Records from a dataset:
▬▬▬▬▬▬
lemma fatoms_cong_set:
  assumes A: "is_struc af ar A" and X: "\<forall>q\<in>X. wf_qid af ar q"
  shows "is_cong_set af ar A (fatoms ar A) \<and> closed_under X A (fatoms ar A)"
proof
  show "is_cong_set af ar A (fatoms ar A)"
  proof (rule is_cong_setI)
    fix f xs ys assume l: "length xs = af f" and "list_all2 (\<lambda>x y. FEq x y \<in> fatoms ar A) xs ys"
    from list_all2_fatoms[OF this(2) subset_refl] l
    show "FEq (fnc A f xs) (fnc A f ys) \<in> fatoms ar A" using is_strucD(2)[OF A] by simp
  next
    fix r xs ys assume "FRel r xs \<in> fatoms ar A" and la: "list_all2 (\<lambda>x y. FEq x y \<in> fatoms ar A) xs ys"
    thus "FRel r ys \<in> fatoms ar A" using list_all2_fatoms[OF la subset_refl] by simp
  qed (use is_strucD(3)[OF A] in simp_all)
  show "closed_under X A (fatoms ar A)" unfolding closed_under_def
  proof (intro ballI allI impI)
    fix q and k :: "nat \<Rightarrow> _" assume "q \<in> X" "range k \<subseteq> carrier A"
    thus "eval_atom A k (snd q) \<in> fatoms ar A"
      using X by (intro eval_atom_in_fatoms[OF A]) (auto simp: wf_qid_def)
  qed
qed

lemma Inter_cong_set:
  assumes ne: "\<D> \<noteq> {}" and all: "\<And>D. D \<in> \<D> \<Longrightarrow> is_cong_set af ar A D \<and> closed_under X A D"
  shows "is_cong_set af ar A (\<Inter>\<D>) \<and> closed_under X A (\<Inter>\<D>)"
proof
  have sD: "is_cong_set af ar A D" and cD: "closed_under X A D" if "D \<in> \<D>" for D
    using all[OF that] by blast+
  have la: "list_all2 (\<lambda>x y. FEq x y \<in> D) xs ys"
    if "list_all2 (\<lambda>x y. FEq x y \<in> \<Inter>\<D>) xs ys" "D \<in> \<D>" for xs ys D
    using that by (auto elim: list_all2_mono)
  show "is_cong_set af ar A (\<Inter>\<D>)"
  proof (rule is_cong_setI)
    show "\<Inter>\<D> \<subseteq> fatoms ar A" using ne is_cong_setD(1)[OF sD] by blast
  next
    fix f xs ys assume "length xs = af f" "list_all2 (\<lambda>x y. FEq x y \<in> \<Inter>\<D>) xs ys"
    thus "FEq (fnc A f xs) (fnc A f ys) \<in> \<Inter>\<D>" using is_cong_setD(5)[OF sD] la by blast
  next
    fix r xs ys assume "FRel r xs \<in> \<Inter>\<D>" "list_all2 (\<lambda>x y. FEq x y \<in> \<Inter>\<D>) xs ys"
    thus "FRel r ys \<in> \<Inter>\<D>" using is_cong_setD(7)[OF sD] la by blast
  qed (auto intro: is_cong_setD(2-4,6)[OF sD])
  show "closed_under X A (\<Inter>\<D>)"
    using cD unfolding closed_under_def by blast
qed

definition updirected :: "'a set set \<Rightarrow> bool" where
  "updirected \<D> \<longleftrightarrow> \<D> \<noteq> {} \<and> (\<forall>D1\<in>\<D>. \<forall>D2\<in>\<D>. \<exists>D3\<in>\<D>. D1 \<union> D2 \<subseteq> D3)"

lemma updirected_finite_subset:
  assumes dir: "updirected \<D>" and "finite W" "W \<subseteq> \<Union>\<D>"
  shows "\<exists>D\<in>\<D>. W \<subseteq> D"
  using assms(2,3)
proof (induction W rule: finite_induct)
  case empty thus ?case using dir by (auto simp: updirected_def)
next
  case (insert w W)
  then obtain D1 D2 where "D1 \<in> \<D>" "W \<subseteq> D1" "D2 \<in> \<D>" "w \<in> D2" by blast
  moreover obtain D3 where "D3 \<in> \<D>" "D1 \<union> D2 \<subseteq> D3"
    using dir calculation unfolding updirected_def by blast
  ultimately show ?case by blast
qed

lemma updirected_list_all2:
  fixes \<D> :: "('a,'r) fatom set set"
  assumes dir: "updirected \<D>" and la: "list_all2 (\<lambda>x y. FEq x y \<in> \<Union>\<D>) xs ys"
    and "finite W" "W \<subseteq> \<Union>\<D>"
  shows "\<exists>D\<in>\<D>. list_all2 (\<lambda>x y. FEq x y \<in> D) xs ys \<and> W \<subseteq> D"
proof -
  define V where "V = (\<lambda>(x,y). FEq x y :: ('a,'r) fatom) ` set (zip xs ys)"
  have "V \<union> W \<subseteq> \<Union>\<D>" "finite (V \<union> W)" using la assms(3,4) by (auto simp: V_def list_all2_iff)
  then obtain D where "D \<in> \<D>" "V \<union> W \<subseteq> D" using updirected_finite_subset[OF dir] by blast
  moreover have "list_all2 (\<lambda>x y. FEq x y \<in> D) xs ys"
    using la calculation(2) by (auto simp: V_def list_all2_iff)
  ultimately show ?thesis by blast
qed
▬▬▬▬▬▬
### Assigned task
Your answer should consist solely of the lines above from the line with "subset_refl] by simp" to the line with "proof (intro ballI allI impI)", both included, reproduced exactly.

### Task output
    thus "FRel r ys \<in> fatoms ar A" using list_all2_fatoms[OF la subset_refl] by simp
  qed (use is_strucD(3)[OF A] in simp_all)
  show "closed_under X A (fatoms ar A)" unfolding closed_under_def
  proof (intro ballI allI impI)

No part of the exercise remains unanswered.